> [WHAT IS NEEDED] Only lines containing the word "where" are needed; pull them out of the material.

SUPPLIED DATA section start

lemma arr_dneg [simp]: "obj A \<Longrightarrow> arr (dneg A)"
  and dm_dneg [simp]: "obj A \<Longrightarrow> dm (dneg A) = bar (bar A)"
  and cd_dneg [simp]: "obj A \<Longrightarrow> cd (dneg A) = A"
  and isiso_dneg [simp]: "obj A \<Longrightarrow> isiso C (dneg A)"
  using dneg_in_hom by (simp_all add: hom_def)

lemma isiso_barA [simp]: "isiso C f \<Longrightarrow> isiso C (barA f)"
  and inv_barA [simp]: "isiso C f \<Longrightarrow> inv\<^sub>C (barA f) = barA (inv\<^sub>C f)"
  using isiso_inverse_unique[of "barA f" "barA (inv\<^sub>C f)"] by simp_all

declare Vee_def [simp] VeeA_def [simp] Fo_def [simp]

lemma arr_veeA [simp]: "arr f \<Longrightarrow> arr g \<Longrightarrow> arr (veeA f g)"
  and dm_veeA [simp]: "arr f \<Longrightarrow> arr g \<Longrightarrow> dm (veeA f g) = vee (dm f) (dm g)"
  and cd_veeA [simp]: "arr f \<Longrightarrow> arr g \<Longrightarrow> cd (veeA f g) = vee (cd f) (cd g)"
  by simp_all

lemma Cur_in_hom:
  assumes "arr h" "dm h = A \<odot> B" "obj A" "obj B"
  shows "Cur C A B (cd h) h \<in> hom C A (vee (bar B) (cd h))"
  using bij_betw_apply[OF Cur_bij[of A B "cd h"]] assms by (simp add: hom_def del: Vee_def)

lemma arr_Cur [simp]: "arr h \<Longrightarrow> dm h = A \<odot> B \<Longrightarrow> cd h = D \<Longrightarrow> obj A \<Longrightarrow> obj B \<Longrightarrow> arr (Cur C A B D h)"
  and dm_Cur [simp]: "arr h \<Longrightarrow> dm h = A \<odot> B \<Longrightarrow> cd h = D \<Longrightarrow> obj A \<Longrightarrow> obj B \<Longrightarrow> dm (Cur C A B D h) = A"
  and cd_Cur [simp]: "arr h \<Longrightarrow> dm h = A \<odot> B \<Longrightarrow> cd h = D \<Longrightarrow> obj A \<Longrightarrow> obj B \<Longrightarrow>
    cd (Cur C A B D h) = vee (bar B) D"
  using Cur_in_hom[of h A B] by (auto simp: hom_def simp del: Vee_def)

lemma Cur_inject:
  "arr h \<Longrightarrow> arr h' \<Longrightarrow> dm h = A \<odot> B \<Longrightarrow> dm h' = A \<odot> B \<Longrightarrow> cd h = D \<Longrightarrow> cd h' = D \<Longrightarrow>
    obj A \<Longrightarrow> obj B \<Longrightarrow> Cur C A B D h = Cur C A B D h' \<Longrightarrow> h = h'"
  using Cur_bij[of A B D] unfolding bij_betw_def inj_on_def by (auto simp: hom_def)

lemma ev_props:
  assumes "obj B" "obj D"
  shows "ev C B D \<in> hom C (vee (bar B) D \<odot> B) D \<and>
    Cur C (vee (bar B) D) B D (ev C B D) = idt (vee (bar B) D)"
proof -
  let ?V = "vee (bar B) D"
  have bij: "bij_betw (Cur C ?V B D) (hom C (?V \<odot> B) D) (hom C ?V ?V)"
    using Cur_bij[of ?V B D] assms by simp
  moreover have "idt ?V \<in> hom C ?V ?V" using assms by (simp add: hom_def)
  ultimately show ?thesis
    unfolding ev_def bij_betw_def
    using the_inv_into_into[of "Cur C ?V B D"] f_the_inv_into_f[of "Cur C ?V B D"]
    by (simp del: Vee_def)
qed

lemma arr_ev [simp]: "obj B \<Longrightarrow> obj D \<Longrightarrow> arr (ev C B D)"
  and dm_ev [simp]: "obj B \<Longrightarrow> obj D \<Longrightarrow> dm (ev C B D) = vee (bar B) D \<odot> B"
  and cd_ev [simp]: "obj B \<Longrightarrow> obj D \<Longrightarrow> cd (ev C B D) = D"
  and Cur_ev: "obj B \<Longrightarrow> obj D \<Longrightarrow> Cur C (vee (bar B) D) B D (ev C B D) = idt (vee (bar B) D)"
  using ev_props by (simp_all add: hom_def del: Vee_def)
lemma cubic_spline_second_deriv_piecewise_affine:
  assumes t_incr: "\<forall>i\<in>{1..n}. t i < t (Suc i)"
    and spl: "cubic_spline_C2 n t g" and g2: "has_second_deriv_on (t 1) (t (n+1)) g g2"
  shows "piecewise_affine n t g2"
  unfolding piecewise_affine_def
proof
  fix i assume i: "i \<in> {1..n}"
  let ?P = "{t i..t (Suc i)}"
  obtain q :: "real poly" where q: "degree q \<le> 3" "\<forall>x\<in>?P. g x = poly q x"
    using spl i unfolding cubic_spline_C2_def by blast
  have on_piece: "has_second_deriv_on (t i) (t (Suc i)) g g2"
    using has_second_deriv_on_subinterval[OF g2 knot_interval_subset[OF t_incr i]] .
  have g2_poly: "g2 x = poly (pderiv (pderiv q)) x" if "x \<in> ?P" for x
    using has_second_deriv_on_unique[OF _ on_piece has_second_deriv_on_poly _ that] q(2) t_incr i
    by auto
  have "degree (pderiv (pderiv (pderiv q))) = 0"
    using q(1) by (simp add: degree_pderiv)
  then obtain k where k: "pderiv (pderiv (pderiv q)) = [:k:]"
    by (metis degree_eq_zeroE)
  have "(g2 has_real_derivative k) (at x within ?P)" if x: "x \<in> ?P" for x
    using has_real_derivative_transform_on[OF
        has_field_derivative_at_within[OF poly_DERIV[of "pderiv (pderiv q)" x]] x] g2_poly k
    by simp
  then show "\<exists>k. \<forall>x\<in>?P. (g2 has_real_derivative k) (at x within ?P)" by blast
qed

lemma has_integral_second_deriv_mult_knot_interval:
  assumes t_incr: "\<forall>i\<in>{1..n}. t i < t (Suc i)"
    and f: "\<And>x. x \<in> {t 1..t (n+1)} \<Longrightarrow> (f has_real_derivative f1 x) (at x within {t 1..t (n+1)})"
    and f1: "\<And>x. x \<in> {t 1..t (n+1)} \<Longrightarrow> (f1 has_real_derivative f2 x) (at x within {t 1..t (n+1)})"
    and f_knots: "\<forall>i\<in>{1..n+1}. f (t i) = 0"
    and g: "piecewise_affine n t g" and i: "i \<in> {1..n}"
  shows "((\<lambda>x. f2 x * g x) has_integral f1 (t (Suc i)) * g (t (Suc i)) - f1 (t i) * g (t i))
           {t i..t (Suc i)}"
proof -
  let ?P = "{t i..t (Suc i)}"
  obtain k where k: "\<And>x. x \<in> ?P \<Longrightarrow> (g has_real_derivative k) (at x within ?P)"
    using g i unfolding piecewise_affine_def by blast
  have le: "t i \<le> t (Suc i)" using t_incr i by (simp add: less_imp_le)
  have fP: "(f has_real_derivative f1 x) (at x within ?P)" "(f1 has_real_derivative f2 x) (at x within ?P)"
    if "x \<in> ?P" for x
    using f f1 that knot_interval_subset[OF t_incr i] by (blast intro: DERIV_subset)+
  have "((\<lambda>x. f2 x * g x) has_integral
      (f1 (t (Suc i)) * g (t (Suc i)) - k * f (t (Suc i))) - (f1 (t i) * g (t i) - k * f (t i))) ?P"
    by (rule has_integral_second_deriv_mult_affine[OF le fP k])
  then show ?thesis using f_knots i by simp
qed

lemma has_integral_second_deriv_mult_piecewise_affine:
  assumes t_incr: "\<forall>i\<in>{1..n}. t i < t (Suc i)"
    and f2: "has_second_deriv_on (t 1) (t (n+1)) f f2"
    and f_knots: "\<forall>i\<in>{1..n+1}. f (t i) = 0"
    and g: "piecewise_affine n t g" "g (t 1) = 0" "g (t (n+1)) = 0"
  shows "((\<lambda>x. f2 x * g x) has_integral 0) {t 1..t (n+1)}"
proof -
  obtain f1 where
    f: "\<And>x. x \<in> {t 1..t (n+1)} \<Longrightarrow> (f has_real_derivative f1 x) (at x within {t 1..t (n+1)})" and
    f1: "\<And>x. x \<in> {t 1..t (n+1)} \<Longrightarrow> (f1 has_real_derivative f2 x) (at x within {t 1..t (n+1)})"
    using f2 by (metis has_second_deriv_onE)
  have "((\<lambda>x. f2 x * g x) has_integral f1 (t (Suc m)) * g (t (Suc m)) - f1 (t 1) * g (t 1))
          {t 1..t (Suc m)}" if "m \<le> n" for m
    using that
  proof (induction m)
    case 0
    show ?case using has_integral_refl(2)[of "\<lambda>x. f2 x * g x" "t 1"] by simp
  next
    case (Suc m)
    have "t 1 \<le> t (Suc m)" "t (Suc m) \<le> t (Suc (Suc m))"
      using knots_mono[OF t_incr] Suc.prems by auto
    moreover have "((\<lambda>x. f2 x * g x) has_integral
        f1 (t (Suc m)) * g (t (Suc m)) - f1 (t 1) * g (t 1)) {t 1..t (Suc m)}"
      using Suc by simp
    ultimately have "((\<lambda>x. f2 x * g x) has_integral
        (f1 (t (Suc m)) * g (t (Suc m)) - f1 (t 1) * g (t 1)) +
        (f1 (t (Suc (Suc m))) * g (t (Suc (Suc m))) - f1 (t (Suc m)) * g (t (Suc m))))
        {t 1..t (Suc (Suc m))}"
      using has_integral_second_deriv_mult_knot_interval[OF t_incr f f1 f_knots g(1), of "Suc m"] Suc.prems
      by (intro has_integral_combine) auto
    then show ?case by simp
  qed
  from this[of n] show ?thesis using g(2,3) by simp
qed

definition bordered :: "nat \<Rightarrow> real \<Rightarrow> real \<Rightarrow> (nat \<Rightarrow> real) \<Rightarrow> nat \<Rightarrow> real" where
  "bordered n u v p k = (if k = 1 then u else if k = n+3 then v else p (k-1))"

lemma sum_bordered:
  "(\<Sum>k=1..n+3. bordered n u v p k * G k) = u * G 1 + (\<Sum>j=1..n+1. p j * G (j+1)) + v * G (n+3)"
proof -
  let ?W = "\<lambda>k. bordered n u v p k * G k"
  have "(\<Sum>k=1..n+3. ?W k) = ?W 1 + (\<Sum>k=Suc 1..Suc (n+1). ?W k) + ?W (n+3)"
    by (simp add: sum.atLeast_Suc_atMost numeral_3_eq_3)
  also have "(\<Sum>k=Suc 1..Suc (n+1). ?W k) = (\<Sum>j=1..n+1. p j * G (j+1))"
    unfolding sum.shift_bounds_cl_Suc_ivl by (rule sum.cong) (auto simp: bordered_def)
  finally show ?thesis by (simp add: bordered_def)
qed
theorem theorem1:
  fixes M :: "'a measure" and MW :: "'w measure" and \<mu> \<mu>' :: "'z measure"
    and loss :: "'w \<Rightarrow> 'z \<Rightarrow> real" and W :: "'a \<Rightarrow> 'w" and Z :: "nat \<Rightarrow> 'a \<Rightarrow> 'z"
    and n k :: nat and \<alpha> \<beta> bm bp :: real and \<psi> :: "real \<Rightarrow> real"
  assumes M: "prob_space M"
    and mu: "prob_space \<mu>" and mu': "prob_space \<mu>'" and sets_mu: "sets \<mu> = sets \<mu>'"
    and ac: "absolutely_continuous \<mu>' \<mu>"
    and loss_meas: "(\<lambda>(w, z). loss w z) \<in> borel_measurable (MW \<Otimes>\<^sub>M \<mu>')"
    and loss_nonneg: "\<And>w z. 0 \<le> loss w z"
    and n_pos: "0 < n" and beta: "0 < \<beta>" "\<beta> < 1" and k_def: "real k = \<beta> * real n"
    and alpha: "0 \<le> \<alpha>" "\<alpha> \<le> 1"
    and indep: "prob_space.indep_vars M (\<lambda>_. \<mu>') Z {1..n}"
    and distr_target: "\<And>i. i \<in> {1..k} \<Longrightarrow> distr M \<mu>' (Z i) = \<mu>'"
    and distr_source: "\<And>i. i \<in> {k+1..n} \<Longrightarrow> distr M \<mu>' (Z i) = \<mu>"
    and W_meas: "W \<in> measurable M MW"
    and ERM: "AE x in M. \<forall>w\<in>space MW.
                 Lhat loss \<alpha> \<beta> k n (W x) (\<lambda>i. Z i x) \<le> Lhat loss \<alpha> \<beta> k n w (\<lambda>i. Z i x)"
    and gen_int: "integrable M (\<lambda>x. gen_err loss \<mu>' \<alpha> \<beta> k n (W x) (\<lambda>i. Z i x))"
    and b: "bm < 0" "0 < bp"
    and loss_int: "integrable (distr M MW W \<Otimes>\<^sub>M \<mu>') (\<lambda>(w, z). loss w z)"
    and cgf_int: "\<And>l. l \<in> {bm<..<bp} \<Longrightarrow>
        integrable (distr M MW W \<Otimes>\<^sub>M \<mu>')
          (\<lambda>(w, z). exp (l * (loss w z - (\<integral>(w', z'). loss w' z' \<partial>(distr M MW W \<Otimes>\<^sub>M \<mu>')))))"
    and cgf_bound: "\<And>l. l \<in> {bm<..<bp} \<Longrightarrow>
        ln (\<integral>(w, z). exp (l * (loss w z - (\<integral>(w', z'). loss w' z' \<partial>(distr M MW W \<Otimes>\<^sub>M \<mu>'))))
              \<partial>(distr M MW W \<Otimes>\<^sub>M \<mu>')) \<le> \<psi> l"
  shows "ereal (\<integral>x. gen_err loss \<mu>' \<alpha> \<beta> k n (W x) (\<lambda>i. Z i x) \<partial>M)
           \<le> ereal (\<alpha> / (\<beta> * real n)) *
               (\<Sum>i\<in>{1..k}. psi_inv (\<lambda>l. \<psi> (- l)) (- bm) (MI_ext (exp 1) M MW \<mu>' W (Z i)))
             + ereal ((1 - \<alpha>) / ((1 - \<beta>) * real n)) *
               (\<Sum>i\<in>{k+1..n}. psi_inv (\<lambda>l. \<psi> (- l)) (- bm)
                   (MI_ext (exp 1) M MW \<mu>' W (Z i) + KL_ext (exp 1) \<mu>' \<mu>))
       \<and> - ereal (\<integral>x. gen_err loss \<mu>' \<alpha> \<beta> k n (W x) (\<lambda>i. Z i x) \<partial>M)
           \<le> ereal (\<alpha> / (\<beta> * real n)) *
               (\<Sum>i\<in>{1..k}. psi_inv \<psi> bp (MI_ext (exp 1) M MW \<mu>' W (Z i)))
             + ereal ((1 - \<alpha>) / ((1 - \<beta>) * real n)) *
               (\<Sum>i\<in>{k+1..n}. psi_inv \<psi> bp
                   (MI_ext (exp 1) M MW \<mu>' W (Z i) + KL_ext (exp 1) \<mu>' \<mu>))"
proof -
  have Z_meas: "Z i \<in> measurable M \<mu>'" if "i \<in> {1..n}" for i
    using indep that by (simp add: prob_space.indep_vars_def[OF M])
  interpret mixed_sample_learner M MW \<mu> \<mu>' loss W Z n k \<alpha> \<beta>
    by (intro mixed_sample_learner.intro mixed_sample_learner_axioms.intro M mu mu')
      (fact sets_mu loss_meas loss_nonneg n_pos beta k_def alpha W_meas Z_meas distr_target
        distr_source gen_int loss_int)+
  show ?thesis
    by (rule expected_gen_err_bounds[OF b cgf_int cgf_bound])
qed

end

SUPPLIED DATA section end

> [SOLUTION BELOW]
  obtain q :: "real poly" where q: "degree q \<le> 3" "\<forall>x\<in>?P. g x = poly q x"
  then obtain k where k: "pderiv (pderiv (pderiv q)) = [:k:]"
  obtain k where k: "\<And>x. x \<in> ?P \<Longrightarrow> (g has_real_derivative k) (at x within ?P)"
  obtain f1 where
definition bordered :: "nat \<Rightarrow> real \<Rightarrow> real \<Rightarrow> (nat \<Rightarrow> real) \<Rightarrow> nat \<Rightarrow> real" where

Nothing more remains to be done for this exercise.